**EXERCISE AIM**
Exact copies of all the records are the expected output.

---- DATA RECORDS

(* Let $m=2$ attributes, each taking values in $\{1,\dots,d\}$, with $p(\cdot\mid z)$ an additive energy distribution for all $z\in\{1,\dots,d\}^2$. Suppose $\mathcal{Z}^{\mathsf{train}}$ (the support of the training prior) consists of $s$ attribute vectors drawn uniformly at random from $\{1,\dots,d\}^2$, and let $q(x,z)=q(z)q(x\mid z)$ be a test distribution with $q(x\mid z)=p(x\mid z)$ for all $z\in\{1,\dots,d\}^2$ and attribute support $\mathcal{Z}^{\mathsf{test}}\subseteq\{1,\dots,d\}^2$. Let $c>0$. If $s\ge 8cd\log d$ with $d$ sufficiently large, the additive energy classifier satisfies $\hat p(z\mid x)=p(z\mid x)$ for all $z\in\mathcal{Z}^{\mathsf{train}}$ and $x\in\mathbb{R}^n$, and $\hat q(z)=q(z)$ for all $z\in\mathcal{Z}^{\mathsf{test}}$, then with probability greater than $1-\frac1c$ the CRM predictor satisfies $\hat q(z\mid x)=q(z\mid x)$ for all $z\in\mathcal{Z}^{\mathsf{test}}$ and $x\in\mathbb{R}^n$.
   Context: $\sigma(z)\in\{0,1\}^{2d}$ is the concatenation of one-hot encodings of $z_1,z_2$. An additive energy distribution family is $p(x\mid z)=\frac{1}{\mathbb{Z}(z)}\exp(-\langle\sigma(z),E(x)\rangle)$ with $E:\mathbb{R}^n\to\mathbb{R}^{2d}$, $\mathbb{Z}(z)=\int\exp(-\langle\sigma(z),E(x)\rangle)dx<\infty$, support $\mathbb{R}^n$. Given $\hat E:\mathbb{R}^n\to\mathbb{R}^{2d}$, $\hat B:\mathcal{Z}^{\mathsf{train}}\to\mathbb{R}$, the additive energy classifier is $\hat p(z\mid x)\propto\exp(-\langle\sigma(z),\hat E(x)\rangle+\log p(z)-\hat B(z))$, normalized over $z\in\mathcal{Z}^{\mathsf{train}}$. The extrapolated bias is $B^\star(z)=\log\mathbb{E}_{x\sim p(x)}\big[\exp(-\langle\sigma(z),\hat E(x)\rangle)/\sum_{\tilde z\in\mathcal{Z}^{\mathsf{train}}}\exp(-\langle\sigma(\tilde z),\hat E(x)\rangle+\log p(\tilde z)-\hat B(\tilde z))\big]$, with $p(x)$ the training marginal. Given a distribution $\hat q$ on attributes, the CRM predictor is $\hat q(z\mid x)\propto\exp(-\langle\sigma(z),\hat E(x)\rangle+\log\hat q(z)-B^\star(z))$, normalized over the support of $\hat q$. *)

theory Defs
  imports "HOL-Analysis.Analysis" "HOL-Probability.Probability"
begin

definition grid :: "nat \<Rightarrow> (nat \<times> nat) set" where
  "grid d = {1..d} \<times> {1..d}"

text \<open>sigma(z) in {0,1}^(2d): concatenation of the one-hot encodings of z1 and z2.
  Coordinates are indexed by 0..<2d; coordinate z1-1 encodes z1, coordinate d+z2-1 encodes z2.\<close>
definition sigma :: "nat \<Rightarrow> nat \<times> nat \<Rightarrow> nat \<Rightarrow> real" where
  "sigma d z i = (if i = fst z - 1 \<or> i = d + snd z - 1 then 1 else 0)"

definition senergy :: "nat \<Rightarrow> nat \<times> nat \<Rightarrow> (nat \<Rightarrow> real) \<Rightarrow> real" where
  "senergy d z e = (\<Sum>i<2*d. sigma d z i * e i)"

definition partition :: "nat \<Rightarrow> ('x::euclidean_space \<Rightarrow> nat \<Rightarrow> real) \<Rightarrow> nat \<times> nat \<Rightarrow> real" where
  "partition d E z = (\<integral>x. exp (- senergy d z (E x)) \<partial>lborel)"

definition cond_density :: "nat \<Rightarrow> ('x::euclidean_space \<Rightarrow> nat \<Rightarrow> real) \<Rightarrow> nat \<times> nat \<Rightarrow> 'x \<Rightarrow> real" where
  "cond_density d E z x = exp (- senergy d z (E x)) / partition d E z"

definition bayes_post :: "(nat \<times> nat) set \<Rightarrow> (nat \<times> nat \<Rightarrow> real) \<Rightarrow> (nat \<times> nat \<Rightarrow> 'x \<Rightarrow> real)
    \<Rightarrow> nat \<times> nat \<Rightarrow> 'x \<Rightarrow> real" where
  "bayes_post Z r dens z x = r z * dens z x / (\<Sum>z'\<in>Z. r z' * dens z' x)"

definition marginal :: "(nat \<times> nat) set \<Rightarrow> (nat \<times> nat \<Rightarrow> real) \<Rightarrow> (nat \<times> nat \<Rightarrow> 'x \<Rightarrow> real) \<Rightarrow> 'x \<Rightarrow> real" where
  "marginal Z r dens x = (\<Sum>z\<in>Z. r z * dens z x)"

definition aec_norm :: "nat \<Rightarrow> (nat \<times> nat) set \<Rightarrow> (nat \<times> nat \<Rightarrow> real) \<Rightarrow> ('x \<Rightarrow> nat \<Rightarrow> real)
    \<Rightarrow> (nat \<times> nat \<Rightarrow> real) \<Rightarrow> 'x \<Rightarrow> real" where
  "aec_norm d Ztr ptr Ehat Bhat x =
     (\<Sum>z'\<in>Ztr. exp (- senergy d z' (Ehat x) + ln (ptr z') - Bhat z'))"

definition aec_post :: "nat \<Rightarrow> (nat \<times> nat) set \<Rightarrow> (nat \<times> nat \<Rightarrow> real) \<Rightarrow> ('x \<Rightarrow> nat \<Rightarrow> real)
    \<Rightarrow> (nat \<times> nat \<Rightarrow> real) \<Rightarrow> nat \<times> nat \<Rightarrow> 'x \<Rightarrow> real" where
  "aec_post d Ztr ptr Ehat Bhat z x =
     exp (- senergy d z (Ehat x) + ln (ptr z) - Bhat z) / aec_norm d Ztr ptr Ehat Bhat x"

text \<open>Extrapolated bias B*(z) = log E_{x ~ p(x)}[exp(-<sigma(z),Ehat(x)>) / aec_norm(x)],
  the expectation over the training marginal written as a Lebesgue integral against its density.\<close>
definition extrap_bias :: "nat \<Rightarrow> (nat \<times> nat) set \<Rightarrow> (nat \<times> nat \<Rightarrow> real)
    \<Rightarrow> (nat \<times> nat \<Rightarrow> 'x::euclidean_space \<Rightarrow> real) \<Rightarrow> ('x \<Rightarrow> nat \<Rightarrow> real)
    \<Rightarrow> (nat \<times> nat \<Rightarrow> real) \<Rightarrow> nat \<times> nat \<Rightarrow> real" where
  "extrap_bias d Ztr ptr dens Ehat Bhat z =
     ln (\<integral>x. marginal Ztr ptr dens x *
               (exp (- senergy d z (Ehat x)) / aec_norm d Ztr ptr Ehat Bhat x) \<partial>lborel)"

definition crm_post :: "nat \<Rightarrow> (nat \<times> nat) set \<Rightarrow> (nat \<times> nat \<Rightarrow> real) \<Rightarrow> ('x \<Rightarrow> nat \<Rightarrow> real)
    \<Rightarrow> (nat \<times> nat \<Rightarrow> real) \<Rightarrow> nat \<times> nat \<Rightarrow> 'x \<Rightarrow> real" where
  "crm_post d Zq qhat Ehat Bstar z x =
     exp (- senergy d z (Ehat x) + ln (qhat z) - Bstar z) /
     (\<Sum>z'\<in>Zq. exp (- senergy d z' (Ehat x) + ln (qhat z') - Bstar z'))"

end

theory Submission
  imports Defs "HOL-Real_Asymp.Real_Asymp"
begin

--------

**FINISHED EXERCISE**
(* Let $m=2$ attributes, each taking values in $\{1,\dots,d\}$, with $p(\cdot\mid z)$ an additive energy distribution for all $z\in\{1,\dots,d\}^2$. Suppose $\mathcal{Z}^{\mathsf{train}}$ (the support of the training prior) consists of $s$ attribute vectors drawn uniformly at random from $\{1,\dots,d\}^2$, and let $q(x,z)=q(z)q(x\mid z)$ be a test distribution with $q(x\mid z)=p(x\mid z)$ for all $z\in\{1,\dots,d\}^2$ and attribute support $\mathcal{Z}^{\mathsf{test}}\subseteq\{1,\dots,d\}^2$. Let $c>0$. If $s\ge 8cd\log d$ with $d$ sufficiently large, the additive energy classifier satisfies $\hat p(z\mid x)=p(z\mid x)$ for all $z\in\mathcal{Z}^{\mathsf{train}}$ and $x\in\mathbb{R}^n$, and $\hat q(z)=q(z)$ for all $z\in\mathcal{Z}^{\mathsf{test}}$, then with probability greater than $1-\frac1c$ the CRM predictor satisfies $\hat q(z\mid x)=q(z\mid x)$ for all $z\in\mathcal{Z}^{\mathsf{test}}$ and $x\in\mathbb{R}^n$.
   Context: $\sigma(z)\in\{0,1\}^{2d}$ is the concatenation of one-hot encodings of $z_1,z_2$. An additive energy distribution family is $p(x\mid z)=\frac{1}{\mathbb{Z}(z)}\exp(-\langle\sigma(z),E(x)\rangle)$ with $E:\mathbb{R}^n\to\mathbb{R}^{2d}$, $\mathbb{Z}(z)=\int\exp(-\langle\sigma(z),E(x)\rangle)dx<\infty$, support $\mathbb{R}^n$. Given $\hat E:\mathbb{R}^n\to\mathbb{R}^{2d}$, $\hat B:\mathcal{Z}^{\mathsf{train}}\to\mathbb{R}$, the additive energy classifier is $\hat p(z\mid x)\propto\exp(-\langle\sigma(z),\hat E(x)\rangle+\log p(z)-\hat B(z))$, normalized over $z\in\mathcal{Z}^{\mathsf{train}}$. The extrapolated bias is $B^\star(z)=\log\mathbb{E}_{x\sim p(x)}\big[\exp(-\langle\sigma(z),\hat E(x)\rangle)/\sum_{\tilde z\in\mathcal{Z}^{\mathsf{train}}}\exp(-\langle\sigma(\tilde z),\hat E(x)\rangle+\log p(\tilde z)-\hat B(\tilde z))\big]$, with $p(x)$ the training marginal. Given a distribution $\hat q$ on attributes, the CRM predictor is $\hat q(z\mid x)\propto\exp(-\langle\sigma(z),\hat E(x)\rangle+\log\hat q(z)-B^\star(z))$, normalized over the support of $\hat q$. *)

theory Defs
  imports "HOL-Analysis.Analysis" "HOL-Probability.Probability"
begin

definition grid :: "nat \<Rightarrow> (nat \<times> nat) set" where
  "grid d = {1..d} \<times> {1..d}"

text \<open>sigma(z) in {0,1}^(2d): concatenation of the one-hot encodings of z1 and z2.
  Coordinates are indexed by 0..<2d; coordinate z1-1 encodes z1, coordinate d+z2-1 encodes z2.\<close>
definition sigma :: "nat \<Rightarrow> nat \<times> nat \<Rightarrow> nat \<Rightarrow> real" where
  "sigma d z i = (if i = fst z - 1 \<or> i = d + snd z - 1 then 1 else 0)"

definition senergy :: "nat \<Rightarrow> nat \<times> nat \<Rightarrow> (nat \<Rightarrow> real) \<Rightarrow> real" where
  "senergy d z e = (\<Sum>i<2*d. sigma d z i * e i)"

definition partition :: "nat \<Rightarrow> ('x::euclidean_space \<Rightarrow> nat \<Rightarrow> real) \<Rightarrow> nat \<times> nat \<Rightarrow> real" where
  "partition d E z = (\<integral>x. exp (- senergy d z (E x)) \<partial>lborel)"

definition cond_density :: "nat \<Rightarrow> ('x::euclidean_space \<Rightarrow> nat \<Rightarrow> real) \<Rightarrow> nat \<times> nat \<Rightarrow> 'x \<Rightarrow> real" where
  "cond_density d E z x = exp (- senergy d z (E x)) / partition d E z"

definition bayes_post :: "(nat \<times> nat) set \<Rightarrow> (nat \<times> nat \<Rightarrow> real) \<Rightarrow> (nat \<times> nat \<Rightarrow> 'x \<Rightarrow> real)
    \<Rightarrow> nat \<times> nat \<Rightarrow> 'x \<Rightarrow> real" where
  "bayes_post Z r dens z x = r z * dens z x / (\<Sum>z'\<in>Z. r z' * dens z' x)"

definition marginal :: "(nat \<times> nat) set \<Rightarrow> (nat \<times> nat \<Rightarrow> real) \<Rightarrow> (nat \<times> nat \<Rightarrow> 'x \<Rightarrow> real) \<Rightarrow> 'x \<Rightarrow> real" where
  "marginal Z r dens x = (\<Sum>z\<in>Z. r z * dens z x)"

definition aec_norm :: "nat \<Rightarrow> (nat \<times> nat) set \<Rightarrow> (nat \<times> nat \<Rightarrow> real) \<Rightarrow> ('x \<Rightarrow> nat \<Rightarrow> real)
    \<Rightarrow> (nat \<times> nat \<Rightarrow> real) \<Rightarrow> 'x \<Rightarrow> real" where
  "aec_norm d Ztr ptr Ehat Bhat x =
     (\<Sum>z'\<in>Ztr. exp (- senergy d z' (Ehat x) + ln (ptr z') - Bhat z'))"

definition aec_post :: "nat \<Rightarrow> (nat \<times> nat) set \<Rightarrow> (nat \<times> nat \<Rightarrow> real) \<Rightarrow> ('x \<Rightarrow> nat \<Rightarrow> real)
    \<Rightarrow> (nat \<times> nat \<Rightarrow> real) \<Rightarrow> nat \<times> nat \<Rightarrow> 'x \<Rightarrow> real" where
  "aec_post d Ztr ptr Ehat Bhat z x =
     exp (- senergy d z (Ehat x) + ln (ptr z) - Bhat z) / aec_norm d Ztr ptr Ehat Bhat x"

text \<open>Extrapolated bias B*(z) = log E_{x ~ p(x)}[exp(-<sigma(z),Ehat(x)>) / aec_norm(x)],
  the expectation over the training marginal written as a Lebesgue integral against its density.\<close>
definition extrap_bias :: "nat \<Rightarrow> (nat \<times> nat) set \<Rightarrow> (nat \<times> nat \<Rightarrow> real)
    \<Rightarrow> (nat \<times> nat \<Rightarrow> 'x::euclidean_space \<Rightarrow> real) \<Rightarrow> ('x \<Rightarrow> nat \<Rightarrow> real)
    \<Rightarrow> (nat \<times> nat \<Rightarrow> real) \<Rightarrow> nat \<times> nat \<Rightarrow> real" where
  "extrap_bias d Ztr ptr dens Ehat Bhat z =
     ln (\<integral>x. marginal Ztr ptr dens x *
               (exp (- senergy d z (Ehat x)) / aec_norm d Ztr ptr Ehat Bhat x) \<partial>lborel)"

definition crm_post :: "nat \<Rightarrow> (nat \<times> nat) set \<Rightarrow> (nat \<times> nat \<Rightarrow> real) \<Rightarrow> ('x \<Rightarrow> nat \<Rightarrow> real)
    \<Rightarrow> (nat \<times> nat \<Rightarrow> real) \<Rightarrow> nat \<times> nat \<Rightarrow> 'x \<Rightarrow> real" where
  "crm_post d Zq qhat Ehat Bstar z x =
     exp (- senergy d z (Ehat x) + ln (qhat z) - Bstar z) /
     (\<Sum>z'\<in>Zq. exp (- senergy d z' (Ehat x) + ln (qhat z') - Bstar z'))"

end

theory Submission
  imports Defs "HOL-Real_Asymp.Real_Asymp"
begin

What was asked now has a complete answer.